In machine learning, you deal a lot with vectors, which can be roughly described as a collection of numbers – the components – where the order counts. For example, the following:
$$ \vec{u} = \begin{pmatrix} 1 & 3 & 4 & 5 \end{pmatrix} $$
is a vector, and it is different from:
$$ \vec{v} = \begin{pmatrix} 3 & 4 & 1 & 5 \end{pmatrix} $$
where the elements have a different order.
Mathematicians have formalized these concepts by introducing vector spaces which are sets containing vectors with specific properties.
You all know the intuitive concept of set which is usually a finite list of elements ${pear, apple, 3, 📐}$ or a collection of elements with a particular property, like the set of all even natural numbers, the set of all chairs, and so on.
You can “equip” a set with one or more operations to obtain an algebraic structure. For example, you can equip the set of natural numbers with the addition operator, to obtain the structure $(\mathbb{N}, +)$. The structure can be then studied in order to check whether it possesses some “interesting” properties. In the previous example, you can easily see that given any three natural numbers, $a$, $b$ and $c$ then:
$$(a + b) + c = a + (b + c)$$
This property is called associativity and the structure $(\mathbb{N}, +)$ possesses it.
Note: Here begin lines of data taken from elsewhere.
text \<open>Every iterated derivative of \<open>f * g\<close> is a finite sum of products of holomorphic functions.\<close>

definition sum_of_products :: "((pt \<Rightarrow> complex) \<times> (pt \<Rightarrow> complex)) list \<Rightarrow> pt \<Rightarrow> complex" where
  "sum_of_products L = (\<lambda>x. \<Sum>(a, b)\<leftarrow>L. a x * b x)"

lemma sep_differentiable_sum_of_products:
  "\<forall>(a, b)\<in>set L. hol a \<and> hol b \<Longrightarrow> sep_differentiable (sum_of_products L)"
proof (induction L)
  case Nil
  then show ?case by (simp add: sum_of_products_def sep_differentiable_def)
next
  case (Cons ab L)
  obtain a b where ab: "ab = (a, b)" by force
  have "sum_of_products (ab # L) = (\<lambda>x. a x * b x + sum_of_products L x)"
    by (simp add: sum_of_products_def ab)
  moreover have "sep_differentiable (\<lambda>x. a x * b x)"
    using Cons.prems ab by (auto intro: sep_differentiable_mult hol_imp_sep_differentiable)
  ultimately show ?case
    using Cons by (auto intro: sep_differentiable_add)
qed

lemma pd_sum_of_products:
  assumes "\<forall>(a, b)\<in>set L. hol a \<and> hol b"
  shows "pd i (sum_of_products L) = sum_of_products (concat (map (\<lambda>(a, b). [(pd i a, b), (a, pd i b)]) L))"
  using assms
proof (induction L)
  case Nil
  then show ?case by (simp add: sum_of_products_def)
next
  case (Cons ab L)
  obtain a b where ab: "ab = (a, b)" by force
  have ha: "sep_differentiable a" "sep_differentiable b"
    using Cons.prems ab by (auto intro: hol_imp_sep_differentiable)
  have dL: "sep_differentiable (sum_of_products L)"
    using Cons.prems by (intro sep_differentiable_sum_of_products) auto
  have "sum_of_products (ab # L) = (\<lambda>x. a x * b x + sum_of_products L x)"
    by (simp add: sum_of_products_def ab)
  then have "pd i (sum_of_products (ab # L)) = (\<lambda>x. pd i a x * b x + a x * pd i b x + pd i (sum_of_products L) x)"
    using dL ha by (simp add: pd_add pd_mult sep_differentiable_mult)
  then show ?case using Cons by (simp add: ab sum_of_products_def add.assoc)
qed

lemma hol_mult [simp]:
  assumes "hol f" "hol g"
  shows "hol (\<lambda>x. f x * g x)"
proof (rule hol_intro)
  have ex: "\<exists>L. (\<forall>(a, b)\<in>set L. hol a \<and> hol b) \<and> iterpd is (\<lambda>x. f x * g x) = sum_of_products L" for "is"
  proof (induction "is")
    case Nil
    show ?case by (rule exI[of _ "[(f, g)]"]) (simp add: assms sum_of_products_def)
  next
    case (Cons i "is")
    then obtain L where "\<forall>(a, b)\<in>set L. hol a \<and> hol b" "iterpd is (\<lambda>x. f x * g x) = sum_of_products L"
      by blast
    then show ?case
      by (intro exI[of _ "concat (map (\<lambda>(a, b). [(pd i a, b), (a, pd i b)]) L)"])
         (auto simp: pd_sum_of_products hol_pd)
  qed
  show "sep_differentiable (iterpd is (\<lambda>x. f x * g x))" for "is"
  proof -
    obtain L where "\<forall>(a, b)\<in>set L. hol a \<and> hol b" "iterpd is (\<lambda>x. f x * g x) = sum_of_products L"
      using ex by blast
    then show ?thesis by (simp add: sep_differentiable_sum_of_products)
  qed
qed (use assms in \<open>simp add: hol_def\<close>)

lemma hol_coord [simp]:
  assumes "j < 6"
  shows "hol (\<lambda>x. x j)"
proof -
  have "iterpd is (\<lambda>x. x j) = (if is = [] then (\<lambda>x. x j) else if is = [j] then (\<lambda>x. 1) else (\<lambda>x. 0))" for "is"
    by (induction "is") auto
  moreover have "(\<lambda>z. (x(i := z)) j) field_differentiable at w" for x i w
    by (cases "i = j") auto
  ultimately show ?thesis using assms by (auto simp: hol_def)
qed

lemma hol_cmult [simp]: "hol f \<Longrightarrow> hol (\<lambda>x. c * f x)"
  using hol_mult[OF hol_const] by blast

lemma hol_uminus [simp]: "hol f \<Longrightarrow> hol (\<lambda>x. - f x)"
  using hol_cmult[of f "-1"] by simp

lemma hol_divide [simp]: "hol f \<Longrightarrow> hol (\<lambda>x. f x / c)"
  using hol_cmult[of f "1 / c"] by simp

lemma hol_diff [simp]: "hol f \<Longrightarrow> hol g \<Longrightarrow> hol (\<lambda>x. f x - g x)"
  using hol_add[of f "\<lambda>x. - g x"] by simp

lemma hol_sum: "(\<And>a. a \<in> A \<Longrightarrow> hol (h a)) \<Longrightarrow> hol (\<lambda>x. \<Sum>a\<in>A. h a x)"
proof (induction A rule: infinite_finite_induct)
  case (insert a A)
  then show ?case by simp
qed simp_all

lemma pd_add_hol [simp]: "hol f \<Longrightarrow> hol g \<Longrightarrow> pd i (\<lambda>x. f x + g x) = (\<lambda>x. pd i f x + pd i g x)"
  by (simp add: pd_add hol_imp_sep_differentiable)

lemma pd_diff_hol [simp]: "hol f \<Longrightarrow> hol g \<Longrightarrow> pd i (\<lambda>x. f x - g x) = (\<lambda>x. pd i f x - pd i g x)"
  by (simp add: pd_diff hol_imp_sep_differentiable)

lemma pd_mult_hol [simp]:
  "hol f \<Longrightarrow> hol g \<Longrightarrow> pd i (\<lambda>x. f x * g x) = (\<lambda>x. pd i f x * g x + f x * pd i g x)"
  by (simp add: pd_mult hol_imp_sep_differentiable)

lemma pd_cmult_hol [simp]: "hol f \<Longrightarrow> pd i (\<lambda>x. c * f x) = (\<lambda>x. c * pd i f x)"
  using pd_mult_hol[OF hol_const, of f i c] by simp

lemma pd_divide_hol [simp]: "hol f \<Longrightarrow> pd i (\<lambda>x. f x / c) = (\<lambda>x. pd i f x / c)"
  using pd_cmult_hol[of f i "1 / c"] by simp

lemma pd_uminus_hol [simp]: "hol f \<Longrightarrow> pd i (\<lambda>x. - f x) = (\<lambda>x. - pd i f x)"
  using pd_cmult_hol[of f i "-1"] by simp

lemma pd_sum_hol:
  "finite A \<Longrightarrow> (\<And>a. a \<in> A \<Longrightarrow> hol (h a)) \<Longrightarrow> pd i (\<lambda>x. \<Sum>a\<in>A. h a x) = (\<lambda>x. \<Sum>a\<in>A. pd i (h a) x)"
  by (induction A rule: finite_induct) (simp_all add: hol_sum)

section \<open>The superalgebra of superfunctions\<close>

definition supported :: "sfun \<Rightarrow> bool" where
  "supported F \<longleftrightarrow> (\<forall>S. \<not> S \<subseteq> {..<6} \<longrightarrow> F S = (\<lambda>_. 0))"

definition homog :: "nat \<Rightarrow> sfun \<Rightarrow> bool" where
  "homog p F \<longleftrightarrow> (\<forall>S. odd (card S + p) \<longrightarrow> F S = (\<lambda>_. 0))"

lemma SF_iff: "F \<in> SF \<longleftrightarrow> supported F \<and> (\<forall>S. hol (F S))"
  by (simp add: SF_def supported_def)

lemma SF_supported: "F \<in> SF \<Longrightarrow> supported F"
  by (simp add: SF_iff)

lemma supported_infinite: "supported F \<Longrightarrow> infinite S \<Longrightarrow> F S x = 0"
  unfolding supported_def by (metis finite_lessThan finite_subset)

lemma supported_outside: "supported F \<Longrightarrow> \<not> S \<subseteq> {..<6} \<Longrightarrow> F S x = 0"
  unfolding supported_def by metis

lemma homog_vanish: "homog p F \<Longrightarrow> odd (card S + p) \<Longrightarrow> F S x = 0"
  unfolding homog_def by metis

lemma homog_parity_cong: "even m = even n \<Longrightarrow> homog m F = homog n F"
  unfolding homog_def by simp

lemma smult_infinite: "infinite S \<Longrightarrow> smult F G S x = 0"
  by (simp add: smult_def)

lemma sum_Pow_Pow_Diff:
  assumes "finite S"
  shows "(\<Sum>D\<in>Pow S. \<Sum>A\<in>Pow D. g A (D - A)) = (\<Sum>A\<in>Pow S. \<Sum>B\<in>Pow (S - A). g A B)"
proof -
  have "(\<Sum>D\<in>Pow S. \<Sum>A\<in>Pow D. g A (D - A)) = (\<Sum>(D, A)\<in>Sigma (Pow S) Pow. g A (D - A))"
    using assms by (subst sum.Sigma) (auto intro: finite_subset)
  also have "\<dots> = (\<Sum>(A, B)\<in>Sigma (Pow S) (\<lambda>A. Pow (S - A)). g A B)"
    by (rule sum.reindex_bij_witness[where i = "\<lambda>(A, B). (A \<union> B, A)" and j = "\<lambda>(D, A). (A, D - A)"])
       auto
  also have "\<dots> = (\<Sum>A\<in>Pow S. \<Sum>B\<in>Pow (S - A). g A B)"
    using assms by (subst sum.Sigma) auto
  finally show ?thesis .
qed

lemma smult_assoc: "smult (smult F G) H = smult F (smult G H)"
proof (intro ext)
  fix S x
  show "smult (smult F G) H S x = smult F (smult G H) S x"
  proof (cases "finite S")
    case False
    then show ?thesis by (simp add: smult_infinite)
  next
    case fin: True
    let ?g = "\<lambda>A B. sgn2 A B * sgn2 A (S - A - B) * sgn2 B (S - A - B) * F A x * G B x * H (S - A - B) x"
    have "smult (smult F G) H S x =
       (\<Sum>D\<in>Pow S. \<Sum>A\<in>Pow D. sgn2 D (S - D) * (sgn2 A (D - A) * F A x * G (D - A) x) * H (S - D) x)"
      by (simp add: smult_def sum_distrib_left sum_distrib_right)
    also have "\<dots> = (\<Sum>D\<in>Pow S. \<Sum>A\<in>Pow D. ?g A (D - A))"
    proof (intro sum.cong refl)
      fix D A
      assume D: "D \<in> Pow S" and A: "A \<in> Pow D"
      have "finite A" "finite (D - A)" "finite (S - D)"
        using D A fin by (auto intro: finite_subset)
      then have "sgn2 D (S - D) = sgn2 A (S - D) * sgn2 (D - A) (S - D)"
        using sgn2_Un_left[of A "D - A" "S - D"] A by (simp add: Un_absorb1 Un_Diff_cancel)
      moreover have "S - A - (D - A) = S - D" using A D by auto
      ultimately show "sgn2 D (S - D) * (sgn2 A (D - A) * F A x * G (D - A) x) * H (S - D) x = ?g A (D - A)"
        by (simp add: algebra_simps)
    qed
    also have "\<dots> = (\<Sum>A\<in>Pow S. \<Sum>B\<in>Pow (S - A). ?g A B)"
      by (rule sum_Pow_Pow_Diff[OF fin])
    also have "\<dots> = smult F (smult G H) S x"
      unfolding smult_def sum_distrib_left
    proof (intro sum.cong refl)
      fix A B
      assume A: "A \<in> Pow S" and B: "B \<in> Pow (S - A)"
      have "finite A" "finite B" "finite (S - A - B)" "S - A = B \<union> (S - A - B)"
        using fin A B by (auto intro: finite_subset)
      then have "sgn2 A (S - A) = sgn2 A B * sgn2 A (S - A - B)"
        using sgn2_Un_right[of A B "S - A - B"] by auto
      then show "?g A B = sgn2 A (S - A) * F A x * (sgn2 B (S - A - B) * G B x * H (S - A - B) x)"
        by (simp add: algebra_simps)
    qed
    finally show ?thesis .
  qed
qed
A vector space is a structure built on top of another structure, called field, generically denoted as $\mathbb{K}$. The field is often a numerical set, like $\mathbb{R}$ equipped with an addition and a multiplication operator, that possesses its own properties. We use the elements of $\mathbb{K}$ as components of our vectors as seen in the beginning of this discussion. A $n$-dimensional vector space over a field $\mathbb{K}$ is defined as $\mathbb{K}^n$ and the vectors are usually denoted with $\vec{u}$, $\vec{v}$ and so on.
A vector space has two important operations:
- scalar multiplication between an element $k \in \mathbb{K}$ a vector $\vec{v} \in \mathbb{K}^n$. The scalar multiplication $k\vec{v}$ consists in the multiplication of all elements of $\vec{v}$ by $k$, thus $(k\vec{v})_i = k\vec{v}_i$.
- vector addition between two vectors $\vec{u}, \vec{v} \in \mathbb{K}^n$. The vector addition between $\vec{u}$ and $\vec{v}$ is denoted as $\vec{u} + \vec{v}$ and consists in summing the components of the two vectors element-wise, thus $(\vec{u} + \vec{v})_i = \vec{u}_i + \vec{v}_i$.
Both operations return a vector that resides in the vector space. Additionally, it is usually defined another operator between vectors, called scalar/inner/dot product, that returns a scalar. The dot product between two vectors $\vec{u}, \vec{v} \in \mathbb{K}^n$ is defined as $<\vec{u}, \vec{v}> = \sum_i^n u_i \cdot v_i$. In other words, a scalar product consists of multiplying element-wise the two vectors, and summing the components of the resulting multiplications.
Stack of vectors are called matrices. For example:
$$ \mathbb{A} = \begin{pmatrix} 1 & 5 & 3 \ 3 & 4 & 7 \end{pmatrix} $$
is a $2 \times 3$ matrix, with two rows and three columns, and it is composed of two 3d vectors or, alternatively, three 2d vectors. The vectors themselves can be thought as matrices. For example:
$$ \mathbb{u} = \begin{pmatrix} 1 & 5 & 3 \end{pmatrix} $$
is a matrix of size $1 \times 3$, and it is called row vector, while:
$$ \mathbb{v} = \begin{pmatrix} 1 \ 3 \end{pmatrix} $$
is a matrix of size $2 \times 1$, and it is called column vector.
The structure containing the $n \times m$ matrices over a field $\mathbb{K}$ is defined as $\mathbb{K}^{n \times m}$ and matrices (when not dealing with row/columns vectors) are usually defined with $\mathbb{A}$ $\mathbb{B}$, and so on. Perhaps, a counterintuitive finding is that $\mathbb{K}^{n \times m}$, can be thought as a vector space (that is, matrices can be considered as vectors), but, for now, let’s keep it simple.
Like the vectors, two $n \times m$ matrices can be summed together, in an element-wise manner: $(\vec{A} + \vec{B}){ij} = a{ij} + b_{ij}$, reading the element in position $i, j$ of the sum matrix of \vec{A} and \vec{B} is the sum of the elements of the same row and column of \vec{A} and \vec{B}.